## Task goal
Those lines of the data that hold the word "xstar" are to be copied out.

Collected data entries
((

lemma prox_three_point:
  fixes k :: nat and v z w :: "nat \<Rightarrow> real"
  defines "zt \<equiv> ztil P k v z" and "c \<equiv> real (nhat P) * theta P k"
  shows "(\<Sum>j<nhat P. gradd P v j * (zt j - z j)) + hsum P zt
    = c * Lnorm_sq P (\<lambda>j. w j - z j) + (\<Sum>j<nhat P. gradd P v j * (w j - z j)) + h_minorant P k v z w
      - c * Lnorm_sq P (\<lambda>j. zt j - z j) - c * Lnorm_sq P (\<lambda>j. w j - zt j)"
proof -
  have pj: "gradd P v j * (zt j - z j) + hreal P j (zt j)
     = c * (Lc P j * (w j - z j)\<^sup>2) + gradd P v j * (w j - z j)
       + (hreal P j (zt j) + prox_subgrad P k v z j * (w j - zt j))
       - c * (Lc P j * (zt j - z j)\<^sup>2) - c * (Lc P j * (w j - zt j)\<^sup>2)" for j
    by (simp add: prox_subgrad_def zt_def c_def power2_eq_square algebra_simps)
  have "(\<Sum>j<nhat P. gradd P v j * (zt j - z j)) + hsum P zt
      = (\<Sum>j<nhat P. gradd P v j * (zt j - z j) + hreal P j (zt j))"
    by (simp add: hsum_def sum.distrib)
  also have "\<dots> = (\<Sum>j<nhat P. c * (Lc P j * (w j - z j)\<^sup>2) + gradd P v j * (w j - z j)
       + (hreal P j (zt j) + prox_subgrad P k v z j * (w j - zt j))
       - c * (Lc P j * (zt j - z j)\<^sup>2) - c * (Lc P j * (w j - zt j)\<^sup>2))"
    by (rule sum.cong[OF refl]) (rule pj)
  also have "\<dots> = c * Lnorm_sq P (\<lambda>j. w j - z j) + (\<Sum>j<nhat P. gradd P v j * (w j - z j)) + h_minorant P k v z w
      - c * Lnorm_sq P (\<lambda>j. zt j - z j) - c * Lnorm_sq P (\<lambda>j. w j - zt j)"
    by (simp add: sum.distrib sum_subtractf sum_distrib_left Lnorm_sq_def h_minorant_def zt_def)
  finally show ?thesis .
qed

lemma expected_step_bound:
  fixes u z v w :: "nat \<Rightarrow> real" and hsc :: real and k :: nat
  assumes udom: "in_dom P u" and zdom: "in_dom P z"
    and vdef: "v = (\<lambda>i. theta P k * z i + (1 - theta P k) * u i)"
  shows "(1 / real (nhat P)) * (\<Sum>i<nhat P. dfun P (\<lambda>j. v j + real (nhat P) * theta P k * ((z(i := ztil P k v z i)) j - z j))
          + ((1 - theta P k) * hsc + theta P k * (real (nhat P) * hsum P (z(i := ztil P k v z i)) - (real (nhat P) - 1) * hsum P z)))
    \<le> (1 - theta P k) * (dfun P u + hsc) + theta P k * (- Lagr P (xstar P v) w + h_minorant P k v z w)
      + real (nhat P) * (theta P k)\<^sup>2 * (Lnorm_sq P (\<lambda>j. w j - z j) - Lnorm_sq P (\<lambda>j. w j - ztil P k v z j))
      - real (nhat P) * (theta P k)\<^sup>2 / 2 * Lnorm_sq P (\<lambda>j. ztil P k v z j - z j)"
proof -
  define th NN zt where "th = theta P k" and "NN = real (nhat P)" and "zt = ztil P k v z"
  define LZ LWZ LWT where "LZ = Lnorm_sq P (\<lambda>j. zt j - z j)" and "LWZ = Lnorm_sq P (\<lambda>j. w j - z j)"
    and "LWT = Lnorm_sq P (\<lambda>j. w j - zt j)"
  define GZ GW where "GZ = (\<Sum>j<nhat P. gradd P v j * (zt j - z j))"
    and "GW = (\<Sum>j<nhat P. gradd P v j * (w j - z j))"
  have th0: "0 < th" and th1: "th \<le> 1" using theta_pos_nhat theta_le_1[OF nhat_ge_1] by (auto simp: th_def)
  have NN1: "1 \<le> NN" using nhat_ge_1 by (simp add: NN_def)
  have vdom: "in_dom P v" unfolding vdef using in_dom_convex_comb[OF zdom udom] th0 th1 by (simp add: th_def)
  have "(\<lambda>j. v j + NN * th * ((z(i := zt i)) j - z j)) = v(i := v i + NN * th * (zt i - z i))" for i
    by (auto simp: fun_eq_iff)
  then have A: "(\<Sum>i<nhat P. dfun P (\<lambda>j. v j + NN * th * ((z(i := zt i)) j - z j)))
      \<le> NN * dfun P v + NN * th * GZ + (NN * th)\<^sup>2 / 2 * LZ"
    using sum_dfun_coordinate_steps[OF vdom, of "NN * th" "\<lambda>j. zt j - z j"]
    by (simp add: GZ_def LZ_def NN_def)
  have Hupd: "hsum P (z(i := zt i)) = hsum P z - hreal P i (z i) + hreal P i (zt i)" if "i < nhat P" for i
    unfolding hsum_def using sum_fun_upd[of i "{..<nhat P}" "\<lambda>j x. hreal P j x" z "zt i"] that by simp
  have "(\<Sum>i<nhat P. (1 - th) * hsc + th * (NN * hsum P (z(i := zt i)) - (NN - 1) * hsum P z))
      = (\<Sum>i<nhat P. (1 - th) * hsc + th * (hsum P z + NN * (hreal P i (zt i) - hreal P i (z i))))"
    by (rule sum.cong) (auto simp: Hupd algebra_simps)
  also have "\<dots> = NN * (1 - th) * hsc + th * (NN * hsum P z + NN * (hsum P zt - hsum P z))"
    by (simp add: sum.distrib sum_distrib_left sum_subtractf hsum_def NN_def algebra_simps)
  finally have B: "(\<Sum>i<nhat P. (1 - th) * hsc + th * (NN * hsum P (z(i := zt i)) - (NN - 1) * hsum P z))
      = NN * (1 - th) * hsc + NN * th * hsum P zt"
    by (simp add: algebra_simps)
  have C: "GZ + hsum P zt = NN * th * LWZ + GW + h_minorant P k v z w - NN * th * LZ - NN * th * LWT"
    unfolding GZ_def GW_def LZ_def LWZ_def LWT_def zt_def NN_def th_def by (rule prox_three_point)
  have D: "dfun P v + th * GW \<le> th * (- Lagr P (xstar P v) w) + (1 - th) * dfun P u"
    unfolding GW_def by (rule dfun_model_at_convex_comb[OF udom _ th1]) (use th0 vdef th_def in auto)
  have "(1 / NN) * (\<Sum>i<nhat P. dfun P (\<lambda>j. v j + NN * th * ((z(i := zt i)) j - z j))
          + ((1 - th) * hsc + th * (NN * hsum P (z(i := zt i)) - (NN - 1) * hsum P z)))
      = (1 / NN) * ((\<Sum>i<nhat P. dfun P (\<lambda>j. v j + NN * th * ((z(i := zt i)) j - z j)))
          + (\<Sum>i<nhat P. (1 - th) * hsc + th * (NN * hsum P (z(i := zt i)) - (NN - 1) * hsum P z)))"
    by (simp add: sum.distrib)
  also have "\<dots> \<le> (1 / NN) * (NN * dfun P v + NN * th * GZ + (NN * th)\<^sup>2 / 2 * LZ + (NN * (1 - th) * hsc + NN * th * hsum P zt))"
    using A B NN1 by (intro mult_left_mono) auto
  also have "\<dots> = dfun P v + th * (GZ + hsum P zt) + NN * th\<^sup>2 / 2 * LZ + (1 - th) * hsc"
    using NN1 by (simp add: field_simps power2_eq_square)
  also have "\<dots> = (dfun P v + th * GW) + th * h_minorant P k v z w + NN * th\<^sup>2 * (LWZ - LWT) - NN * th\<^sup>2 / 2 * LZ + (1 - th) * hsc"
    unfolding C by (simp add: power2_eq_square algebra_simps)
  also have "\<dots> \<le> (1 - th) * (dfun P u + hsc) + th * (- Lagr P (xstar P v) w + h_minorant P k v z w)
      + NN * th\<^sup>2 * (LWZ - LWT) - NN * th\<^sup>2 / 2 * LZ"
    using D by (simp add: algebra_simps)
  finally show ?thesis unfolding LWZ_def LWT_def LZ_def zt_def th_def NN_def .
qed

lemma model_val_le_D:
  assumes wdom: "in_dom P w" and wfin: "\<And>j. j < nhat P \<Longrightarrow> hfun P j (w j) < \<infinity>"
  shows "- Lagr P (xstar P v) w + h_minorant P k v z w \<le> dfun P w + hsum P w"
proof -
  have "- Lagr P (xstar P v) w \<le> dfun P w" by (rule neg_Lagr_le_dfun[OF wdom])
  moreover have "h_minorant P k v z w \<le> hsum P w"
    unfolding h_minorant_def hsum_def
  proof (rule sum_mono)
    fix j assume "j \<in> {..<nhat P}"
    then have j: "j < nhat P" by simp
    have "ereal (hreal P j (ztil P k v z j) + prox_subgrad P k v z j * (w j - ztil P k v z j)) \<le> hfun P j (w j)"
      using prox_properties(2)[OF j, of k v z "w j"] by (simp add: prox_subgrad_def)
    then show "hreal P j (ztil P k v z j) + prox_subgrad P k v z j * (w j - ztil P k v z j) \<le> hreal P j (w j)"
      using hreal_ge wfin[OF j] by blast
  qed
  ultimately show ?thesis by simp
qed

(* In the first block this is the Fenchel-Young equality of prox_properties, in the second the
   minorant vanishes, and in the third it is nonpositive by complementary slackness. *)
lemma h_minorant_le:
  assumes wdom: "in_dom P w"
  shows "h_minorant P k v z w \<le> (\<Sum>i<nn P. prox_subgrad P k v z i * w i
            - phi P i (real (nn P) * prox_subgrad P k v z i) / real (nn P))"
proof -
  define y where "y = prox_subgrad P k v z"
  define zt where "zt = ztil P k v z"
  define n' where "n' = real (nn P)"
  define E where "E j = hreal P j (zt j) + y j * (w j - zt j)" for j
  have minorant_split: "h_minorant P k v z w = (\<Sum>i<nn P. E i) + (\<Sum>j<pp P. E (nn P + j)) + (\<Sum>i<mm P. E (nn P + pp P + i))"
    unfolding h_minorant_def nhat_def sum_lessThan_add3 E_def zt_def y_def ..
  have E1: "E i = y i * w i - phi P i (n' * y i) / n'" if "i < nn P" for i
  proof -
    have "i < nhat P" using that by (simp add: nhat_def)
    then have "hreal P i (zt i) = y i * zt i - phi P i (n' * y i) / n'"
      using prox_properties(3)[of i k v z] that by (simp add: zt_def y_def prox_subgrad_def n'_def)
    then show ?thesis by (simp add: E_def algebra_simps)
  qed
  have E2: "E (nn P + j) = 0" if "j < pp P" for j
  proof -
    have "nn P + j < nhat P" using that by (simp add: nhat_def)
    then have "y (nn P + j) = 0 \<and> hreal P (nn P + j) (zt (nn P + j)) = 0"
      using prox_properties(4)[of "nn P + j" k v z] that by (simp add: zt_def y_def prox_subgrad_def)
    then show ?thesis by (simp add: E_def)
  qed
  have E3: "E (nn P + pp P + i) = y (nn P + pp P + i) * w (nn P + pp P + i)"
       "y (nn P + pp P + i) * w (nn P + pp P + i) \<le> 0" if "i < mm P" for i
  proof -
    have jN: "nn P + pp P + i < nhat P" using that by (simp add: nhat_def)
    then have h: "y (nn P + pp P + i) \<le> 0 \<and> y (nn P + pp P + i) * zt (nn P + pp P + i) = 0 \<and> hreal P (nn P + pp P + i) (zt (nn P + pp P + i)) = 0"
      using prox_properties(5)[of "nn P + pp P + i" k v z] by (simp add: zt_def y_def prox_subgrad_def)
    have "E (nn P + pp P + i) = y (nn P + pp P + i) * w (nn P + pp P + i) - y (nn P + pp P + i) * zt (nn P + pp P + i)"
      using h by (simp add: E_def algebra_simps)
    then show "E (nn P + pp P + i) = y (nn P + pp P + i) * w (nn P + pp P + i)" using h by simp
    have "0 \<le> w (nn P + pp P + i)" using wdom jN by (simp add: in_dom_def)
    then show "y (nn P + pp P + i) * w (nn P + pp P + i) \<le> 0" using h by (simp add: mult_nonpos_nonneg)
  qed
  have S1: "(\<Sum>i<nn P. E i) = (\<Sum>i<nn P. y i * w i - phi P i (n' * y i) / n')"
    by (rule sum.cong) (auto simp: E1)
  have S2: "(\<Sum>j<pp P. E (nn P + j)) = 0" by (simp add: E2)
  have S3: "(\<Sum>i<mm P. E (nn P + pp P + i)) \<le> 0"
    by (rule sum_nonpos) (use E3 in auto)
  show ?thesis using minorant_split S1 S2 S3 by (simp add: y_def n'_def)
qed

lemma model_val_le_neg_gap:
  assumes wdom: "in_dom P w"
  shows "- Lagr P (xstar P v) w + h_minorant P k v z w
     \<le> - (delta_inner P (xstar P v) (\<lambda>i. real (nn P) * prox_subgrad P k v z i) w + fobj P (xstar P v)
          + phisum P (\<lambda>i. real (nn P) * prox_subgrad P k v z i) / real (nn P))"
proof -
  define x y n' where "x = xstar P v" and "y = prox_subgrad P k v z" and "n' = real (nn P)"
  have n'0: "n' \<noteq> 0" using n_pos by (simp add: n'_def)
  have H: "h_minorant P k v z w \<le> (\<Sum>i<nn P. y i * w i - phi P i (n' * y i) / n')"
    using h_minorant_le[OF wdom] by (simp add: y_def n'_def)
  have Lg: "Lagr P x w = fobj P x + (\<Sum>i<nn P. w i * ((Acol P i \<bullet> x) / n'))
     + (\<Sum>j<pp P. w (nn P + j) * (Brow P j \<bullet> x + bv P j))
     + (\<Sum>i<mm P. w (nn P + pp P + i) * gc P i x)"
    by (simp add: Lagr_def n'_def)
  have Dl: "delta_inner P x (\<lambda>i. n' * y i) w = (\<Sum>i<nn P. ((Acol P i \<bullet> x - n' * y i) / n') * w i)
     + (\<Sum>j<pp P. (Brow P j \<bullet> x + bv P j) * w (nn P + j))
     + (\<Sum>i<mm P. gc P i x * w (nn P + pp P + i))"
    by (simp add: delta_inner_def n'_def)
  have Ph: "phisum P (\<lambda>i. n' * y i) / n' = (\<Sum>i<nn P. phi P i (n' * y i) / n')"
    by (simp add: phisum_def sum_divide_distrib)
  have key: "(\<Sum>i<nn P. y i * w i - phi P i (n' * y i) / n') - (\<Sum>i<nn P. w i * ((Acol P i \<bullet> x) / n'))
      = - (\<Sum>i<nn P. ((Acol P i \<bullet> x - n' * y i) / n') * w i) - (\<Sum>i<nn P. phi P i (n' * y i) / n')"
  proof -
    have "(\<Sum>i<nn P. y i * w i - phi P i (n' * y i) / n') - (\<Sum>i<nn P. w i * ((Acol P i \<bullet> x) / n'))
        = (\<Sum>i<nn P. y i * w i - phi P i (n' * y i) / n' - w i * ((Acol P i \<bullet> x) / n'))"
      by (simp only: sum_subtractf)
    also have "\<dots> = (\<Sum>i<nn P. - (((Acol P i \<bullet> x - n' * y i) / n') * w i) - phi P i (n' * y i) / n')"
      by (rule sum.cong[OF refl]) (use n'0 in \<open>simp add: field_simps\<close>)
    also have "\<dots> = - (\<Sum>i<nn P. ((Acol P i \<bullet> x - n' * y i) / n') * w i) - (\<Sum>i<nn P. phi P i (n' * y i) / n')"
      by (simp only: sum_subtractf sum_negf)
    finally show ?thesis .
  qed
  have eqB: "(\<Sum>j<pp P. w (nn P + j) * (Brow P j \<bullet> x + bv P j)) = (\<Sum>j<pp P. (Brow P j \<bullet> x + bv P j) * w (nn P + j))"
    by (simp add: mult.commute)
  have eqC: "(\<Sum>i<mm P. w (nn P + pp P + i) * gc P i x) = (\<Sum>i<mm P. gc P i x * w (nn P + pp P + i))"
    by (simp add: mult.commute)
  show ?thesis
    unfolding x_def[symmetric] y_def[symmetric] n'_def[symmetric]
    using H Lg Dl Ph key eqB eqC by simp
qed

end



definition hhat_sum :: "'t::finite prob \<Rightarrow> (nat \<Rightarrow> real) \<Rightarrow> (nat \<Rightarrow> nat) \<Rightarrow> nat \<Rightarrow> real" where
  "hhat_sum P u0 s k = (\<Sum>j<nhat P. hhat P u0 s k j)"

))

## Answer for this exercise
    \<le> (1 - theta P k) * (dfun P u + hsc) + theta P k * (- Lagr P (xstar P v) w + h_minorant P k v z w)
  have D: "dfun P v + th * GW \<le> th * (- Lagr P (xstar P v) w) + (1 - th) * dfun P u"
  also have "\<dots> \<le> (1 - th) * (dfun P u + hsc) + th * (- Lagr P (xstar P v) w + h_minorant P k v z w)
  shows "- Lagr P (xstar P v) w + h_minorant P k v z w \<le> dfun P w + hsum P w"
  have "- Lagr P (xstar P v) w \<le> dfun P w" by (rule neg_Lagr_le_dfun[OF wdom])
  shows "- Lagr P (xstar P v) w + h_minorant P k v z w
     \<le> - (delta_inner P (xstar P v) (\<lambda>i. real (nn P) * prox_subgrad P k v z i) w + fobj P (xstar P v)
  define x y n' where "x = xstar P v" and "y = prox_subgrad P k v z" and "n' = real (nn P)"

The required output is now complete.